I've been trying to learn about how to sail in the ocean or under severe conditions, just to be prepared, and I want to get as much info from here, before I head out. I won't go looking for bad weather, mind you, but I want to be prepared.

This is what I understand so far, let me know if it's right.

Don't let the boat get hit by a big wave beam on or it could capsize, so it may be required that I approach my destination at an angle, like tacking. (that headbanger icon has to go, too distracting). Also dont let a wave break over the stern, or I get wet, or somehow it's not good for the boat.

Don't sail straight down a wave, or I could pitchpole.

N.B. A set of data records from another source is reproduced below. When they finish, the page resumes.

(* Let $\omega$ be an infinite (one-sided or bi-sided) word over a finite alphabet $\mathcal A$ such that the subshift $(\Sigma_\omega,S)$ is uniquely ergodic. Assume that the complexity function $p$ of its language is unbounded and satisfies $\lim_n\frac{p(n+1)}{p(n)}=1$. Then the Benjamini–Schramm limit of the labelled Rauzy digraphs $\vec R(n)$ exists, is supported on arc-labellings of $\vec{\mathbf Z}$, and, under the identification of such labellings with $\mathcal A^{\mathbf Z}$, equals the unique $S$-invariant probability measure on the natural extension $(\tilde\Sigma_\omega,S)$.
   Context: $\Sigma_\omega$ is the closure of the shift-orbit of $\omega$ (in $\mathcal A^{\mathbf N}$ or $\mathcal A^{\mathbf Z}$). Its language $\mathcal L$ is the set of finite subwords of $\omega$, $p(n)=|\mathcal L\cap\mathcal A^n|$. The natural extension $\tilde\Sigma_\omega$ is the bi-sided subshift of all $\tau\in\mathcal A^{\mathbf Z}$ all of whose finite subwords lie in $\mathcal L$. For $n\ge1$, the labelled Rauzy digraph $\vec R(n)$ has vertex set $\mathcal L\cap\mathcal A^n$ and, for each word $aub\in\mathcal L\cap\mathcal A^{n+1}$ ($a,b\in\mathcal A$), one arc from $au$ to $ub$ carrying label $b$. Benjamini–Schramm limit: for a finite labelled digraph $G$, let $\nu_G$ be the law of the isomorphism class (preserving orientation and labels) of the rooted connected component of a uniformly random vertex, in the compact space of rooted connected labelled digraphs of bounded degree with the local topology; the limit of $(G_n)$ is the weak limit of $\nu_{G_n}$. A rooted arc-labelling of the directed line $\vec{\mathbf Z}$ (vertices $\mathbf Z$, arcs $i\to i+1$, root $0$) is identified with $x\in\mathcal A^{\mathbf Z}$, $x_i$ being the label of the arc $i\to i+1$. *)

theory Defs
  imports "HOL-Probability.Probability"
begin
(* Let $\mu>0$, $\sigma>0$, $0\le \beta<\mu<\alpha$ and $0<v_0<x_0<u_0$. For $\epsilon>0$ let $\{X^\epsilon_t\}_{t\ge0}$ be the solution of the SDE $$dX^\epsilon_t=\mu X^\epsilon_t\,dt+\sqrt{\epsilon}\,\sigma\,dW_t,\qquad X^\epsilon_0=x_0,$$ where $\{W_t\}$ is a standard Brownian motion. Let $V(t)=v_0e^{\beta t}$ and $U(t)=u_0e^{\alpha t}$, and fix $T>0$. (i) Let $t^o_V$ be the unique positive solution of $$\phi_V(t):=\Big(1-\frac{\beta}{\mu}\Big)e^{(\mu+\beta)t}+\frac{\beta}{\mu}e^{(\beta-\mu)t}=\frac{x_0}{v_0}.$$ Then $$\lim_{\epsilon\to0}\epsilon\log\mathbb{P}\Big(\min_{t\in[0,T]}\big(X^\epsilon_t-V(t)\big)\le 0\Big)=-I_V(T),\qquad I_V(T)=\frac{\mu}{\sigma^2}\,\frac{\big(v_0e^{\beta(T\wedge t^o_V)}-x_0e^{\mu(T\wedge t^o_V)}\big)^2}{e^{2\mu(T\wedge t^o_V)}-1}.$$ (ii) Let $t^o_U$ be the unique positive solution of $$\phi_U(t):=\frac{\alpha}{\mu}e^{(\alpha-\mu)t}-\Big(\frac{\alpha}{\mu}-1\Big)e^{(\mu+\alpha)t}=\frac{x_0}{u_0}.$$ Then $$\lim_{\epsilon\to0}\epsilon\log\mathbb{P}\Big(\max_{t\in[0,T]}\big(X^\epsilon_t-U(t)\big)\ge 0\Big)=-I_U(T),\qquad I_U(T)=\frac{\mu}{\sigma^2}\,\frac{\big(u_0e^{\alpha(T\wedge t^o_U)}-x_0e^{\mu(T\wedge t^o_U)}\big)^2}{e^{2\mu(T\wedge t^o_U)}-1}.$$
   Context: $a\wedge b=\min(a,b)$. The solutions $t^o_V$, $t^o_U$ of the displayed equations are asserted to exist and be unique as part of the statement. *)

theory Defs
  imports "HOL-Probability.Probability"
begin

definition std_brownian_motion :: "'a measure \<Rightarrow> (real \<Rightarrow> 'a \<Rightarrow> real) \<Rightarrow> bool" where
  "std_brownian_motion M W \<longleftrightarrow>
     prob_space M \<and>
     (\<forall>t. W t \<in> borel_measurable M) \<and>
     (\<forall>\<omega>\<in>space M. W 0 \<omega> = 0 \<and> continuous_on {0..} (\<lambda>t. W t \<omega>)) \<and>
     (\<forall>s t. 0 \<le> s \<and> s < t \<longrightarrow>
        distributed M lborel (\<lambda>\<omega>. W t \<omega> - W s \<omega>) (normal_density 0 (sqrt (t - s)))) \<and>
     (\<forall>(ts::nat \<Rightarrow> real) n. 0 \<le> ts 0 \<and> (\<forall>i<n. ts i < ts (Suc i)) \<longrightarrow>
        prob_space.indep_vars M (\<lambda>_. borel) (\<lambda>i \<omega>. W (ts (Suc i)) \<omega> - W (ts i) \<omega>) {..<n})"

text \<open>X is a (pathwise) solution of dX = mu X dt + sqrt eps sigma dW, X 0 = x0.
  Since the diffusion coefficient is constant, the SDE in integral form involves
  only an ordinary (pathwise) time integral.\<close>
definition solves_linear_sde ::
  "'a measure \<Rightarrow> (real \<Rightarrow> 'a \<Rightarrow> real) \<Rightarrow> real \<Rightarrow> real \<Rightarrow> real \<Rightarrow> real \<Rightarrow> (real \<Rightarrow> 'a \<Rightarrow> real) \<Rightarrow> bool" where
  "solves_linear_sde M W \<mu> \<sigma> \<epsilon> x0 X \<longleftrightarrow>
     (\<forall>t. X t \<in> borel_measurable M) \<and>
     (\<forall>\<omega>\<in>space M. continuous_on {0..} (\<lambda>t. X t \<omega>) \<and>
        (\<forall>t\<ge>0. X t \<omega> = x0 + integral {0..t} (\<lambda>s. \<mu> * X s \<omega>) + sqrt \<epsilon> * \<sigma> * W t \<omega>))"

definition phi_V :: "real \<Rightarrow> real \<Rightarrow> real \<Rightarrow> real" where
  "phi_V \<mu> \<beta> t = (1 - \<beta>/\<mu>) * exp ((\<mu> + \<beta>) * t) + (\<beta>/\<mu>) * exp ((\<beta> - \<mu>) * t)"

definition phi_U :: "real \<Rightarrow> real \<Rightarrow> real \<Rightarrow> real" where
  "phi_U \<mu> \<alpha> t = (\<alpha>/\<mu>) * exp ((\<alpha> - \<mu>) * t) - (\<alpha>/\<mu> - 1) * exp ((\<mu> + \<alpha>) * t)"

definition rate_fn :: "real \<Rightarrow> real \<Rightarrow> real \<Rightarrow> real \<Rightarrow> real \<Rightarrow> real \<Rightarrow> real" where
  "rate_fn \<mu> \<sigma> x0 c \<gamma> s =
     \<mu> / \<sigma>\<^sup>2 * (c * exp (\<gamma> * s) - x0 * exp (\<mu> * s))\<^sup>2 / (exp (2 * \<mu> * s) - 1)"

end

theory Submission
  imports Defs
begin

text \<open>Variation of constants gives \<open>e\<^sup>-\<^sup>\<mu>\<^sup>t X\<^sub>t = x\<^sub>0 + \<surd>\<epsilon> \<sigma> Z\<^sub>t\<close> with
  \<open>Z\<^sub>t = \<integral>\<^sub>0\<^sup>t e\<^sup>-\<^sup>\<mu>\<^sup>r dW\<^sub>r\<close>, a centred Gaussian process of variance
  \<open>(1 - e\<^sup>-\<^sup>2\<^sup>\<mu>\<^sup>t) / (2\<mu>)\<close>. So \<open>X\<close> meets a barrier \<open>b\<close> at time \<open>t\<close> iff \<open>Z\<^sub>t\<close> drops
  below \<open>-(x\<^sub>0 - e\<^sup>-\<^sup>\<mu>\<^sup>t b(t)) / (\<surd>\<epsilon> \<sigma>)\<close>, which costs \<open>exp (- rate t / \<epsilon>)\<close> to leading order.
  Upper bound: on a fine grid, a Levy-Ottaviani maximal inequality controls the oscillation of
  \<open>W\<close> inside the cells and a Chernoff bound the discretised \<open>Z\<close> at the grid points. Lower
  bound: forcing the independent increments of \<open>W\<close> up to the minimiser \<open>L\<close> to follow the
  optimal profile \<open>\<propto> e\<^sup>-\<^sup>\<mu>\<^sup>r\<close> costs about \<open>exp (- rate L / \<epsilon>)\<close>. Hence
  \<open>\<epsilon> log P \<longrightarrow> - min {rate t | 0 < t \<le> T}\<close>. For an exponential barrier \<open>rate\<close> is \<open>rate_fn\<close>,
  which decreases up to \<open>t\<^sup>o\<close> and increases afterwards, so the minimum sits at \<open>min T t\<^sup>o\<close>.
  The upper barrier \<open>U\<close> becomes a lower one under \<open>W \<mapsto> -W\<close>.\<close>

lemma grid_less:
  fixes g :: "nat \<Rightarrow> real"
  assumes "\<And>i. i < n \<Longrightarrow> g i < g (Suc i)"
  shows "i < j \<Longrightarrow> j \<le> n \<Longrightarrow> g i < g j"
proof (induction j)
  case (Suc j)
  then have "g j < g (Suc j)" using assms by simp
  moreover have "i < j \<Longrightarrow> g i < g j" using Suc by simp
  ultimately show ?case using Suc.prems by (cases "i < j") (auto simp: less_Suc_eq)
qed simp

If it's dark, or I need to rest, I can put the appropriate light on & heave to in the middle of the ocean. But, if the waves are coming at the beam, I will have to either stay awake & steer, or use a sea anchor. Right? If it's dark, and I cannot see which direction the waves are coming from, I use a flashlight, & if I've ran out of juice, maybe I can feel & hear where the waves are coming from? IDK

The sea anchor is mainly attached to the bow, but according to the Perdys, it can also be attached a few feet back from the bow. Maybe it can even be attached to the stern, as long as it keeps the boat from being beam on to the waves and also keeps it from having the stern directly facing the waves.

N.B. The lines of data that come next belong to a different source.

lemma doubleton_mem_image_image_iff:
  assumes "inj f"
  shows "{f x, f y} \<in> image f ` E \<longleftrightarrow> {x, y} \<in> E"
proof -
  have "inj (image f)" using assms by (simp add: inj_def inj_image_eq_iff)
  then show ?thesis using inj_image_mem_iff[of "image f" "{x, y}" E] by simp
qed

lemma edges_join_iff:
  "{Inl a, Inl b} \<in> edges (join G1 G2) \<longleftrightarrow> {a, b} \<in> edges G1"
  "{Inr c, Inr d} \<in> edges (join G1 G2) \<longleftrightarrow> {c, d} \<in> edges G2"
  "{Inl a, Inr c} \<in> edges (join G1 G2) \<longleftrightarrow> a \<in> verts G1 \<and> c \<in> verts G2"
  by (auto simp: join_def edges_def doubleton_eq_iff doubleton_mem_image_image_iff insert_commute)

lemma edges_split_join_iff [simp]:
  "{Inl (Inl a), Inl (Inl b)} \<in> edges (split_join P G1 G2) \<longleftrightarrow> {a, b} \<in> edges G1"
  "{Inl (Inr c), Inl (Inr d)} \<in> edges (split_join P G1 G2) \<longleftrightarrow> {c, d} \<in> edges G2"
  "{Inl (Inl a), Inl (Inr c)} \<in> edges (split_join P G1 G2) \<longleftrightarrow> a \<in> verts G1 \<and> c \<in> verts G2"
  "{Inl (Inr c), Inl (Inl a)} \<in> edges (split_join P G1 G2) \<longleftrightarrow> a \<in> verts G1 \<and> c \<in> verts G2"
  "{Inr u, Inl (Inl a)} \<in> edges (split_join P G1 G2) \<longleftrightarrow> u \<in> verts G1 \<and> a \<in> verts G1 \<and> P u a"
  "{Inl (Inl a), Inr u} \<in> edges (split_join P G1 G2) \<longleftrightarrow> u \<in> verts G1 \<and> a \<in> verts G1 \<and> P u a"
  "{Inr u, Inl (Inr c)} \<notin> edges (split_join P G1 G2)"
  "{Inl (Inr c), Inr u} \<notin> edges (split_join P G1 G2)"
  "{Inr u, Inr v} \<notin> edges (split_join P G1 G2)"
  by (auto simp: split_join_def edges_def[of "(_, _)"] doubleton_eq_iff doubleton_mem_image_image_iff
      edges_join_iff insert_commute)

lemma finite_simple_graph_join:
  assumes "finite_simple_graph G1" "finite_simple_graph G2"
  shows "finite_simple_graph (join G1 G2)"
  unfolding finite_simple_graph_def
proof (intro conjI ballI)
  let ?V = "verts (join G1 G2)"
  have V: "?V = Inl ` verts G1 \<union> Inr ` verts G2" by (simp add: join_def verts_def)
  then show "finite ?V" using assms by (simp add: finite_simple_graph_def)
  fix e assume "e \<in> edges (join G1 G2)"
  then consider (G1) e1 where "e1 \<in> edges G1" "e = Inl ` e1"
    | (G2) e2 where "e2 \<in> edges G2" "e = Inr ` e2"
    | (cross) u w where "u \<in> verts G1" "w \<in> verts G2" "e = {Inl u, Inr w}"
    by (auto simp: join_def edges_def verts_def)
  then show "\<exists>x y. x \<in> ?V \<and> y \<in> ?V \<and> x \<noteq> y \<and> e = {x, y}"
  proof cases
    case G1
    then obtain x y where "x \<in> verts G1" "y \<in> verts G1" "x \<noteq> y" "e1 = {x, y}"
      using assms(1) by (auto simp: finite_simple_graph_def)
    then show ?thesis using G1 V by (intro exI[of _ "Inl x"] exI[of _ "Inl y"]) simp
  next
    case G2
    then obtain x y where "x \<in> verts G2" "y \<in> verts G2" "x \<noteq> y" "e2 = {x, y}"
      using assms(2) by (auto simp: finite_simple_graph_def)
    then show ?thesis using G2 V by (intro exI[of _ "Inr x"] exI[of _ "Inr y"]) simp
  next
    case cross
    then show ?thesis using V by (intro exI[of _ "Inl u"] exI[of _ "Inr w"]) simp
  qed
qed

lemma finite_simple_graph_split_join:
  assumes "finite_simple_graph G1" "finite_simple_graph G2"
  shows "finite_simple_graph (split_join P G1 G2)"
  unfolding finite_simple_graph_def
proof (intro conjI ballI)
  let ?V = "verts (split_join P G1 G2)"
  have V: "?V = Inl ` verts (join G1 G2) \<union> Inr ` verts G1" by (simp add: split_join_def verts_def)
  then show "finite ?V"
    using assms finite_simple_graph_join[OF assms] by (simp add: finite_simple_graph_def)
  fix e assume "e \<in> edges (split_join P G1 G2)"
  then consider (join) e' where "e' \<in> edges (join G1 G2)" "e = Inl ` e'"
    | (new) u w where "u \<in> verts G1" "w \<in> verts G1" "e = {Inr u, Inl (Inl w)}"
    by (auto simp: split_join_def edges_def)
  then show "\<exists>x y. x \<in> ?V \<and> y \<in> ?V \<and> x \<noteq> y \<and> e = {x, y}"
  proof cases
    case join
    then obtain x y where "x \<in> verts (join G1 G2)" "y \<in> verts (join G1 G2)" "x \<noteq> y" "e' = {x, y}"
      using finite_simple_graph_join[OF assms] by (auto simp: finite_simple_graph_def)
    then show ?thesis using join V by (intro exI[of _ "Inl x"] exI[of _ "Inl y"]) simp
  next
    case new
    then show ?thesis using V by (intro exI[of _ "Inr u"] exI[of _ "Inl (Inl w)"]) (simp add: join_def verts_def)
  qed
qed

lemma sum_verts_split_join:
  assumes "finite (verts G1)" "finite (verts G2)"
  shows "(\<Sum>i\<in>verts (split_join P G1 G2). f i) =
    (\<Sum>a\<in>verts G1. f (Inl (Inl a))) + (\<Sum>c\<in>verts G2. f (Inl (Inr c))) + (\<Sum>u\<in>verts G1. f (Inr u))"
proof -
  have "(\<Sum>i\<in>verts (split_join P G1 G2). f i) =
      sum f (Inl ` Inl ` verts G1) + sum f (Inl ` Inr ` verts G2) + sum f (Inr ` verts G1)"
    unfolding verts_split_join using assms
    by (subst sum.union_disjoint, force, force, force)+ simp
  also have "\<dots> = (\<Sum>a\<in>verts G1. f (Inl (Inl a))) + (\<Sum>c\<in>verts G2. f (Inl (Inr c))) + (\<Sum>u\<in>verts G1. f (Inr u))"
    by (simp add: sum.reindex)
  finally show ?thesis .
qed

lemma alpha_split_join_ge:
  assumes "finite (verts G1)" "finite (verts G2)"
  shows "card (verts G1) + alpha G2 \<le> alpha (split_join P G1 G2)"
proof -
  obtain S where S: "independent_set G2 S" "card S = alpha G2"
    using alpha_attained[OF assms(2)] by blast
  have "S \<subseteq> verts G2" using S(1) by (simp add: independent_set_def)
  define T :: "(('a + 'b) + 'a) set" where "T = Inl ` Inr ` S \<union> Inr ` verts G1"
  have "independent_set (split_join P G1 G2) T"
    unfolding independent_set_def
  proof (intro conjI ballI)
    show "T \<subseteq> verts (split_join P G1 G2)"
      using \<open>S \<subseteq> verts G2\<close> by (auto simp: T_def verts_split_join)
    show "{x, y} \<notin> edges (split_join P G1 G2)" if "x \<in> T" "y \<in> T" for x y
      using that S(1) by (auto simp: T_def independent_set_def)
  qed
  moreover have "card T = card S + card (verts G1)"
    unfolding T_def using finite_subset[OF \<open>S \<subseteq> verts G2\<close> assms(2)] assms(1)
    by (subst card_Un_disjoint) (auto simp: card_image)
  ultimately show ?thesis
    using card_le_alpha[of "split_join P G1 G2" T] S(2) assms by (simp add: verts_split_join)
qed

lemma card_clique_split_join_le:
  assumes "finite (verts G1)" "finite (verts G2)" "verts G2 \<noteq> {}"
    and K: "clique (split_join P G1 G2) K"
  shows "card K \<le> omega G1 + omega G2"
proof -
  let ?H = "split_join P G1 G2"
  define K1 K2 KD where "K1 = {a. Inl (Inl a) \<in> K}" and "K2 = {c. Inl (Inr c) \<in> K}"
    and "KD = {u. Inr u \<in> K}"
  have edge: "{x, y} \<in> edges ?H" if "x \<in> K" "y \<in> K" "x \<noteq> y" for x y
    using K that by (simp add: clique_def)
  have "clique G1 K1"
    unfolding clique_def
  proof (intro conjI ballI impI)
    show "K1 \<subseteq> verts G1" using K by (auto simp: clique_def K1_def verts_split_join)
    show "{a, b} \<in> edges G1" if "a \<in> K1" "b \<in> K1" "a \<noteq> b" for a b
      using edge[of "Inl (Inl a)" "Inl (Inl b)"] that by (simp add: K1_def)
  qed
  have "clique G2 K2"
    unfolding clique_def
  proof (intro conjI ballI impI)
    show "K2 \<subseteq> verts G2" using K by (auto simp: clique_def K2_def verts_split_join)
    show "{c, d} \<in> edges G2" if "c \<in> K2" "d \<in> K2" "c \<noteq> d" for c d
      using edge[of "Inl (Inr c)" "Inl (Inr d)"] that by (simp add: K2_def)
  qed
  have "card K2 + card KD \<le> omega G2"
  proof (cases "KD = {}")
    case True
    then show ?thesis using card_le_omega[OF assms(2) \<open>clique G2 K2\<close>] by simp
  next
    case False
    then obtain u where "u \<in> KD" by blast
    then have "K2 = {}" "KD = {u}"
      using edge[of "Inr u" "Inl (Inr _)"] edge[of "Inr u" "Inr _"] by (auto simp: K2_def KD_def)
    then show ?thesis using one_le_omega[OF assms(2,3)] by simp
  qed
  moreover have "card K = card K1 + card K2 + card KD"
  proof -
    have "finite K"
      using K assms(1,2) finite_subset by (auto simp: clique_def verts_split_join)
    then have "finite {x. Inl x \<in> K}" using finite_vimageI[of K Inl] by (simp add: vimage_def)
    then show ?thesis
      using card_split_Inl_Inr[of K] card_split_Inl_Inr[of "{x. Inl x \<in> K}"] \<open>finite K\<close>
      by (simp add: K1_def K2_def KD_def)
  qed
  ultimately show ?thesis
    using card_le_omega[OF assms(1) \<open>clique G1 K1\<close>] by simp
qed

lemma omega_split_join:
  assumes "finite (verts G1)" "finite (verts G2)" "verts G2 \<noteq> {}"
  shows "omega (split_join P G1 G2) = omega G1 + omega G2"
proof (rule antisym)
  let ?H = "split_join P G1 G2"
  obtain K where "clique ?H K" "card K = omega ?H"
    using omega_attained[of ?H] assms(1,2) by (auto simp: verts_split_join)
  then show "omega ?H \<le> omega G1 + omega G2"
    using card_clique_split_join_le[OF assms] by metis
next
  let ?H = "split_join P G1 G2"
  obtain K1 where K1: "clique G1 K1" "card K1 = omega G1" using omega_attained[OF assms(1)] by blast
  obtain K2 where K2: "clique G2 K2" "card K2 = omega G2" using omega_attained[OF assms(2)] by blast
  have "K1 \<subseteq> verts G1" "K2 \<subseteq> verts G2" using K1(1) K2(1) by (auto simp: clique_def)
  define K :: "(('a + 'b) + 'a) set" where "K = Inl ` Inl ` K1 \<union> Inl ` Inr ` K2"
  have "clique ?H K"
    using K1(1) K2(1) \<open>K1 \<subseteq> verts G1\<close> \<open>K2 \<subseteq> verts G2\<close>
    unfolding clique_def K_def verts_split_join by auto blast+
  moreover have "card K = card K1 + card K2"
    unfolding K_def
    using finite_subset[OF \<open>K1 \<subseteq> verts G1\<close> assms(1)] finite_subset[OF \<open>K2 \<subseteq> verts G2\<close> assms(2)]
    by (subst card_Un_disjoint) (auto simp: card_image)
  ultimately show "omega G1 + omega G2 \<le> omega ?H"
    using card_le_omega[of ?H K] K1(2) K2(2) assms by (simp add: verts_split_join)
qed

lemma chi_split_join_le:
  assumes "finite_simple_graph G1" "finite_simple_graph G2" "verts G2 \<noteq> {}"
  shows "chi (split_join P G1 G2) \<le> chi G1 + chi G2"
proof -
  let ?H = "split_join P G1 G2"
  obtain f1 where f1: "proper_coloring G1 (chi G1) f1" using chi_attained[OF assms(1)] by blast
  obtain f2 where f2: "proper_coloring G2 (chi G2) f2" using chi_attained[OF assms(2)] by blast
  have "0 < chi G2" using f2 assms(3) by (auto simp: proper_coloring_def)
  text \<open>The new vertices are adjacent only to vertices of \<open>G1\<close>, so they may all share one colour of \<open>G2\<close>.\<close>
  define f :: "('a + 'b) + 'a \<Rightarrow> nat"
    where "f x = (case x of Inl (Inl a) \<Rightarrow> f1 a | Inl (Inr c) \<Rightarrow> chi G1 + f2 c | Inr _ \<Rightarrow> chi G1)"
    for x
  have "proper_coloring ?H (chi G1 + chi G2) f"
    unfolding proper_coloring_def
  proof (intro conjI ballI impI)
    show "f x < chi G1 + chi G2" if "x \<in> verts ?H" for x
      using that f1 f2 \<open>0 < chi G2\<close> by (auto simp: f_def proper_coloring_def verts_split_join)
    show "f x \<noteq> f y" if "x \<in> verts ?H" "y \<in> verts ?H" "{x, y} \<in> edges ?H" for x y
      using that f1 f2 by (auto simp: f_def proper_coloring_def verts_split_join)
  qed
  then show ?thesis by (rule chi_le)
qed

If I can't afford an expensive sea anchor, I can rig up a tarp, some buckets, some chain, or a sheet to do the same job, something to create drag.

One has to be constantly on the lookout for a rogue wave and ready to keep it from hitting the boat beam-on. Also be vigilant about sudden wind gusts changing wind-direction & uncontrolled gybes.

One also has to steer around sets of breaking waves, or just heave-to & keep the slick behind you, protecting you from breaking waves and also protecting the boat from being hit beam-on.

When you go under bare poles, it's very risky, cause most modern beamy boat designs are likely to turn a boat beam-on to the waves, but the narrower/older boats are relatively safer.

When the sails flap too hard or the boat heels too much, it's time to reef. When I've reefed all 3 levels & the wind's still getting too strong, it's time to remove the sails & batton down the hatch. BTW: I don't know about your hatch, but mine doesn't lock down from the inside :P It could probably just slide open in a storm that was bad enough!

Is any of that incorrect? Is that the main thing to know when caught in severe weather?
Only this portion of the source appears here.